A group of History graduate students researching the Daniel Boone Neighborhood in Boone for a survey found racially-restrictive covenants in several properties on Grand Boulevard. This breakthrough was outside of the original dates from Johnson, McCorkle, and Turbeville's work between 1930 and 1968. The deeds dated mostly to the 1920s, though there were  a few scattered deeds from the 1940s. This research has only recently begun and provides leads to other properties that may have these covenants.

 

Watauga Democrat Whites Only Ad (1947)

The ad at the top right shows 20 building lots for sale for white only. This edition of the Watauga Democrat was published on May 1st, 1947.

Newspaper Archives 


In addition to deed research, a couple of graduate students looked into the archives of the Watauga Democrat, a local paper, to evaluate language in advertisements for land auctions or lots for sale. A local citizen provided the professor with a tip showing one such instance, of a land auction in May 1947 for residential building lots "for whites only."

A student reviewed the archives, looking at a sample of one issue per month for the years 1938, 1945, 1954, and 1965. They found notices of property for sale, but this method didn’t reveal and discriminatory restrictions on the sales. Further research can be done along these lines, particularly with some broader key word searches. As it stands, it is clear that these types of restricted sales at least happened now and then and their listing in the paper was not, apparently, considered unusual.

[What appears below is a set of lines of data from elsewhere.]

(* Let $\mathcal{V}$ be a finite set of nodes, $\mathcal{P}$ a finite set of labels, $\mathcal{E}$ a set of unordered pairs of nodes, and $\theta_{ip},\theta_{ij,pq}\in\mathbb{R}$ unary and pairwise potential values. For $\vec{y}\in\{0,1\}^{\mathcal{V}\times\mathcal{P}}$ and $\vec{\lambda}\in\mathbb{R}^{\mathcal{V}}$ let $$L(\vec{y},\vec{\lambda})=\sum_{i\in\mathcal{V}}\sum_{p\in\mathcal{P}}\theta_{ip}y_{ip}+\sum_{\{i,j\}\in\mathcal{E}}\sum_{p,q\in\mathcal{P}}\theta_{ij,pq}y_{ip}y_{jq}+\sum_{i\in\mathcal{V}}\lambda_i\Big(\sum_{p\in\mathcal{P}}y_{ip}-1\Big)$$ and $D(\vec{\lambda})=\min_{\vec{y}\in\{0,1\}^{\mathcal{V}\times\mathcal{P}}}L(\vec{y},\vec{\lambda})$. If $\vec{\lambda}^*$ is a maximum point of $D$ over $\mathbb{R}^{\mathcal{V}}$, then $\vec{\lambda}^*$ satisfies the weak agreement condition.
   Context: For $\vec\lambda\in\mathbb{R}^{\mathcal V}$, $i\in\mathcal V$, $p\in\mathcal P$, define $Z_{ip}(\vec\lambda)=\{z\in\{0,1\}:\ \exists\,\vec y^{\vec\lambda}\in\operatorname{Argmin}_{\vec y\in\{0,1\}^{\mathcal V\times\mathcal P}}L(\vec y,\vec\lambda)\text{ with }y^{\vec\lambda}_{ip}=z\}$, i.e. the set of values the variable $y_{ip}$ takes among all minimizers of the Lagrangian. A point $\vec\lambda$ satisfies the weak agreement condition if for every node $i\in\mathcal V$: (1) there exists $p\in\mathcal P$ with $1\in Z_{ip}(\vec\lambda)$; and (2) for every $p\in\mathcal P$, if $Z_{ip}(\vec\lambda)=\{1\}$ then $0\in Z_{iq}(\vec\lambda)$ for all $q\ne p$. *)

theory Defs
  imports Complex_Main
begin

text \<open>Binary labelings y in {0,1}^(V x P), represented as real-valued functions that
  are 0/1 on V x P and 0 outside (so the feasible set is in bijection with {0,1}^(V x P)).\<close>
definition Ybin :: "'v set \<Rightarrow> 'p set \<Rightarrow> ('v \<Rightarrow> 'p \<Rightarrow> real) set" where
  "Ybin V P = {y. \<forall>i p. (i \<in> V \<and> p \<in> P \<longrightarrow> y i p \<in> {0, 1})
                        \<and> (\<not> (i \<in> V \<and> p \<in> P) \<longrightarrow> y i p = 0)}"

text \<open>Lagrangian. Each unordered edge {i,j} is stored once as an ordered pair (i,j) in E.\<close>
definition Lagr :: "'v set \<Rightarrow> 'p set \<Rightarrow> ('v \<times> 'v) set \<Rightarrow> ('v \<Rightarrow> 'p \<Rightarrow> real)
      \<Rightarrow> ('v \<Rightarrow> 'v \<Rightarrow> 'p \<Rightarrow> 'p \<Rightarrow> real) \<Rightarrow> ('v \<Rightarrow> 'p \<Rightarrow> real) \<Rightarrow> ('v \<Rightarrow> real) \<Rightarrow> real" where
  "Lagr V P E th1 th2 y lam =
     (\<Sum>i\<in>V. \<Sum>p\<in>P. th1 i p * y i p)
   + (\<Sum>(i, j)\<in>E. \<Sum>p\<in>P. \<Sum>q\<in>P. th2 i j p q * y i p * y j q)
   + (\<Sum>i\<in>V. lam i * ((\<Sum>p\<in>P. y i p) - 1))"

definition Dual :: "'v set \<Rightarrow> 'p set \<Rightarrow> ('v \<times> 'v) set \<Rightarrow> ('v \<Rightarrow> 'p \<Rightarrow> real)
      \<Rightarrow> ('v \<Rightarrow> 'v \<Rightarrow> 'p \<Rightarrow> 'p \<Rightarrow> real) \<Rightarrow> ('v \<Rightarrow> real) \<Rightarrow> real" where
  "Dual V P E th1 th2 lam = Min ((\<lambda>y. Lagr V P E th1 th2 y lam) ` Ybin V P)"

definition ArgminL :: "'v set \<Rightarrow> 'p set \<Rightarrow> ('v \<times> 'v) set \<Rightarrow> ('v \<Rightarrow> 'p \<Rightarrow> real)
      \<Rightarrow> ('v \<Rightarrow> 'v \<Rightarrow> 'p \<Rightarrow> 'p \<Rightarrow> real) \<Rightarrow> ('v \<Rightarrow> real) \<Rightarrow> ('v \<Rightarrow> 'p \<Rightarrow> real) set" where
  "ArgminL V P E th1 th2 lam =
     {y \<in> Ybin V P. \<forall>y' \<in> Ybin V P. Lagr V P E th1 th2 y lam \<le> Lagr V P E th1 th2 y' lam}"

definition Zset :: "'v set \<Rightarrow> 'p set \<Rightarrow> ('v \<times> 'v) set \<Rightarrow> ('v \<Rightarrow> 'p \<Rightarrow> real)
      \<Rightarrow> ('v \<Rightarrow> 'v \<Rightarrow> 'p \<Rightarrow> 'p \<Rightarrow> real) \<Rightarrow> ('v \<Rightarrow> real) \<Rightarrow> 'v \<Rightarrow> 'p \<Rightarrow> real set" where
  "Zset V P E th1 th2 lam i p =
     {z \<in> {0, 1}. \<exists>y \<in> ArgminL V P E th1 th2 lam. y i p = z}"

definition weak_agreement :: "'v set \<Rightarrow> 'p set \<Rightarrow> ('v \<times> 'v) set \<Rightarrow> ('v \<Rightarrow> 'p \<Rightarrow> real)
      \<Rightarrow> ('v \<Rightarrow> 'v \<Rightarrow> 'p \<Rightarrow> 'p \<Rightarrow> real) \<Rightarrow> ('v \<Rightarrow> real) \<Rightarrow> bool" where
  "weak_agreement V P E th1 th2 lam \<longleftrightarrow>
     (\<forall>i \<in> V.
        (\<exists>p \<in> P. 1 \<in> Zset V P E th1 th2 lam i p)
      \<and> (\<forall>p \<in> P. Zset V P E th1 th2 lam i p = {1} \<longrightarrow>
            (\<forall>q \<in> P. q \<noteq> p \<longrightarrow> 0 \<in> Zset V P E th1 th2 lam i q)))"

end

theory Submission
  imports Defs "HOL-Library.FuncSet"
begin

text \<open>If some node i violated weak agreement at \<open>\<lambda>*\<close>, then every minimiser y of the
  Lagrangian would have \<open>\<Sum>\<^sub>p y\<^sub>i\<^sub>p - 1\<close> of one fixed strict sign d. Since the
  Lagrangian is affine in \<open>\<lambda>\<^sub>i\<close> with slope \<open>\<Sum>\<^sub>p y\<^sub>i\<^sub>p - 1\<close>, moving \<open>\<lambda>\<^sub>i\<close> a little in
  direction d raises the value at every minimiser, while the finitely many
  non-minimisers stay above the old minimum; so D would increase.\<close>

lemma Min_increases_along_minimiser_ascent:
  fixes f g :: "'a \<Rightarrow> real"
  assumes "finite Y" "Y \<noteq> {}"
    and ascent: "\<And>y. y \<in> Y \<Longrightarrow> f y = Min (f ` Y) \<Longrightarrow> 0 < g y"
  shows "\<exists>t>0. Min (f ` Y) < Min ((\<lambda>y. f y + t * g y) ` Y)"
proof -
  let ?m = "Min (f ` Y)"
  have "\<forall>\<^sub>F t in at_right 0. ?m < f y + t * g y" if y: "y \<in> Y" for y
  proof (cases "f y = ?m")
    case True
    then show ?thesis
      using ascent[OF y] eventually_at_right_less[of 0]
      by (auto elim!: eventually_mono)
  next
    case False
    then have "?m < f y" using y assms(1) by (simp add: order_neq_le_trans)
    moreover have "((\<lambda>t. f y + t * g y) \<longlongrightarrow> f y + 0 * g y) (at_right 0)"
      by (intro tendsto_intros)
    ultimately show ?thesis using order_tendstoD(1) by fastforce
  qed
  then have "\<forall>\<^sub>F t in at_right 0. \<forall>y\<in>Y. ?m < f y + t * g y"
    by (simp add: eventually_ball_finite_distrib[OF assms(1)])
  then have "\<forall>\<^sub>F t in at_right 0. 0 < t \<and> (\<forall>y\<in>Y. ?m < f y + t * g y)"
    using eventually_at_right_less[of 0] by (rule eventually_conj[rotated])
  then obtain t where "0 < t" "\<forall>y\<in>Y. ?m < f y + t * g y"
    using eventually_happens'[OF trivial_limit_at_right_real] by blast
  then show ?thesis using assms(1,2) by (auto simp: Min_gr_iff)
qed

lemma finite_Ybin:
  assumes "finite V" "finite P"
  shows "finite (Ybin V P)"
proof -
  let ?extend = "\<lambda>f i p. if i \<in> V \<and> p \<in> P then f (i, p) else 0"
  have "Ybin V P \<subseteq> ?extend ` ((V \<times> P) \<rightarrow>\<^sub>E {0, 1::real})"
  proof
    fix y assume y: "y \<in> Ybin V P"
    let ?f = "restrict (\<lambda>(i, p). y i p) (V \<times> P)"
    have "?f \<in> (V \<times> P) \<rightarrow>\<^sub>E {0, 1}" "y = ?extend ?f"
      using y by (auto simp: Ybin_def fun_eq_iff)
    then show "y \<in> ?extend ` ((V \<times> P) \<rightarrow>\<^sub>E {0, 1})" by blast
  qed
  then show ?thesis
    by (rule finite_subset) (simp add: assms finite_PiE)
qed

lemma zero_in_Ybin: "(\<lambda>i p. 0) \<in> Ybin V P"
  by (simp add: Ybin_def)

lemma Ybin_value: "y \<in> Ybin V P \<Longrightarrow> i \<in> V \<Longrightarrow> p \<in> P \<Longrightarrow> y i p \<in> {0, 1}"
  by (simp add: Ybin_def)

lemma ArgminL_iff_attains_Dual:
  assumes "finite V" "finite P"
  shows "y \<in> ArgminL V P E th1 th2 lam \<longleftrightarrow>
           y \<in> Ybin V P \<and> Lagr V P E th1 th2 y lam = Dual V P E th1 th2 lam"
proof -
  let ?L = "\<lambda>y. Lagr V P E th1 th2 y lam"
  have fin: "finite (?L ` Ybin V P)" and ne: "?L ` Ybin V P \<noteq> {}"
    using finite_Ybin[OF assms] zero_in_Ybin by auto
  show ?thesis
    unfolding ArgminL_def Dual_def
    using Min_in[OF fin ne] Min_le[OF fin] by (auto intro!: antisym)
qed

lemma Lagr_shift_multiplier:
  assumes "finite V" "i \<in> V"
  shows "Lagr V P E th1 th2 y (lam(i := lam i + t))
           = Lagr V P E th1 th2 y lam + t * ((\<Sum>p\<in>P. y i p) - 1)"
proof -
  have "(\<Sum>k\<in>V. (lam(i := lam i + t)) k * ((\<Sum>p\<in>P. y k p) - 1))
      = (\<Sum>k\<in>V. lam k * ((\<Sum>p\<in>P. y k p) - 1)
                 + (if k = i then t * ((\<Sum>p\<in>P. y k p) - 1) else 0))"
    by (rule sum.cong) (auto simp: algebra_simps)
  also have "\<dots> = (\<Sum>k\<in>V. lam k * ((\<Sum>p\<in>P. y k p) - 1)) + t * ((\<Sum>p\<in>P. y i p) - 1)"
    using assms by (simp add: sum.distrib)
  finally show ?thesis by (simp add: Lagr_def)
qed

lemma Dual_maximiser_no_ascent_direction:
  assumes "finite V" "finite P" "i \<in> V"
    and max: "\<And>lam. Dual V P E th1 th2 lam \<le> Dual V P E th1 th2 lamstar"
  shows "\<exists>y \<in> ArgminL V P E th1 th2 lamstar. d * ((\<Sum>p\<in>P. y i p) - 1) \<le> 0"
proof (rule ccontr)
  define f where "f y = Lagr V P E th1 th2 y lamstar" for y
  define g where "g y = d * ((\<Sum>p\<in>P. y i p) - 1)" for y
  let ?Y = "Ybin V P"
  assume "\<not> ?thesis"
  then have "0 < g y" if "y \<in> ?Y" "f y = Min (f ` ?Y)" for y
    using that ArgminL_iff_attains_Dual[OF assms(1,2)]
    unfolding f_def g_def Dual_def by (meson not_le)
  then obtain t where "Min (f ` ?Y) < Min ((\<lambda>y. f y + t * g y) ` ?Y)"
    using Min_increases_along_minimiser_ascent[of ?Y f g]
      finite_Ybin[OF assms(1,2)] zero_in_Ybin by blast
  also have "(\<lambda>y. f y + t * g y)
      = (\<lambda>y. Lagr V P E th1 th2 y (lamstar(i := lamstar i + t * d)))"
    by (simp add: fun_eq_iff f_def g_def Lagr_shift_multiplier[OF assms(1,3)])
  finally show False
    using max[of "lamstar(i := lamstar i + t * d)"] by (simp add: Dual_def f_def)
qed

lemma ArgminL_value_in_Zset:
  "y \<in> ArgminL V P E th1 th2 lam \<Longrightarrow> i \<in> V \<Longrightarrow> p \<in> P
     \<Longrightarrow> y i p \<in> Zset V P E th1 th2 lam i p"
  using Ybin_value by (fastforce simp: Zset_def ArgminL_def)

lemma Ybin_positive_row_has_one:
  assumes "y \<in> Ybin V P" "i \<in> V" "0 < (\<Sum>p\<in>P. y i p)"
  shows "\<exists>p\<in>P. y i p = 1"
proof -
  obtain p where "p \<in> P" "y i p \<noteq> 0"
    using assms(3) sum.neutral[of P "y i"] by (metis less_irrefl)
  then show ?thesis using Ybin_value[OF assms(1,2)] by blast
qed

lemma Ybin_row_at_most_one:
  assumes "finite P" "y \<in> Ybin V P" "i \<in> V" "(\<Sum>p\<in>P. y i p) \<le> 1"
    and "p \<in> P" "q \<in> P" "p \<noteq> q" "y i p = 1"
  shows "y i q = 0"
proof (rule ccontr)
  assume "y i q \<noteq> 0"
  then have "y i q = 1" using Ybin_value[OF assms(2,3,6)] by blast
  then have "2 = (\<Sum>k\<in>{p, q}. y i k)" using assms(7,8) by simp
  also have "\<dots> \<le> (\<Sum>k\<in>P. y i k)"
    using assms(1,5,6) Ybin_value[OF assms(2,3)] by (intro sum_mono2) force+
  finally show False using assms(4) by simp
qed

theorem theorem2:
  fixes V :: "'v set" and P :: "'p set" and E :: "('v \<times> 'v) set"
    and th1 :: "'v \<Rightarrow> 'p \<Rightarrow> real" and th2 :: "'v \<Rightarrow> 'v \<Rightarrow> 'p \<Rightarrow> 'p \<Rightarrow> real"
    and lamstar :: "'v \<Rightarrow> real"
  assumes "finite V" and "finite P"
    and "E \<subseteq> V \<times> V"
    and "\<And>i j. (i, j) \<in> E \<Longrightarrow> i \<noteq> j \<and> (j, i) \<notin> E"
    and "\<And>lam. Dual V P E th1 th2 lam \<le> Dual V P E th1 th2 lamstar"
  shows "weak_agreement V P E th1 th2 lamstar"
  unfolding weak_agreement_def
proof (intro ballI conjI impI)
  let ?Z = "Zset V P E th1 th2 lamstar" and ?A = "ArgminL V P E th1 th2 lamstar"
  fix i assume i: "i \<in> V"
  obtain y where y: "y \<in> ?A" "0 < (\<Sum>p\<in>P. y i p)"
    using Dual_maximiser_no_ascent_direction[OF assms(1,2) i assms(5), of "-1"] by auto
  have y_Ybin: "y \<in> Ybin V P" using y(1) by (simp add: ArgminL_def)
  obtain p where "p \<in> P" "y i p = 1"
    using Ybin_positive_row_has_one[OF y_Ybin i y(2)] by blast
  then show "\<exists>p\<in>P. 1 \<in> ?Z i p" using ArgminL_value_in_Zset[OF y(1) i] by metis
next
  let ?Z = "Zset V P E th1 th2 lamstar" and ?A = "ArgminL V P E th1 th2 lamstar"
  fix i p q assume i: "i \<in> V" and p: "p \<in> P" and "?Z i p = {1}"
    and q: "q \<in> P" "q \<noteq> p"
  obtain y where y: "y \<in> ?A" "(\<Sum>p\<in>P. y i p) \<le> 1"
    using Dual_maximiser_no_ascent_direction[OF assms(1,2) i assms(5), of 1] by auto
  have y_Ybin: "y \<in> Ybin V P" using y(1) by (simp add: ArgminL_def)
  have "y i p = 1" using ArgminL_value_in_Zset[OF y(1) i p] \<open>?Z i p = {1}\<close> by simp
  then have "y i q = 0"
    using Ybin_row_at_most_one[OF assms(2) y_Ybin i y(2) p q(1)] q(2) by auto
  then show "0 \<in> ?Z i q" using ArgminL_value_in_Zset[OF y(1) i q(1)] by simp
qed

end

Another potential line of inquiry is through Watauga County public records, to investigate instances of those who defaulted on their mortgage loans. Uncovering lending terms in this way could reveal other instances of mortgage discrimination aside from restrictive covenants in deeds.

 

Junaluska Neighborhood Map

Numbered parcels indicate land owned by black members of the community, as identified by Virgil Greer in 1998.

Junaluska Community


It should be noted here that the Junaluska Community

has been in Boone as a Black enclave as early as the 1850s, but there is very little legal documentation about the residences in the community prior to the 1900s. Preliminary research hasn’t revealed any racially restrictive covenants in the deeds of homeowners in this area, though the Daniel Boone Neighborhood, mentioned above, is not far away. It is important to acknowledge that historically in Boone, people of color, particularly African Americans, were segregated to a few select areas, most notably the Junaluska Community.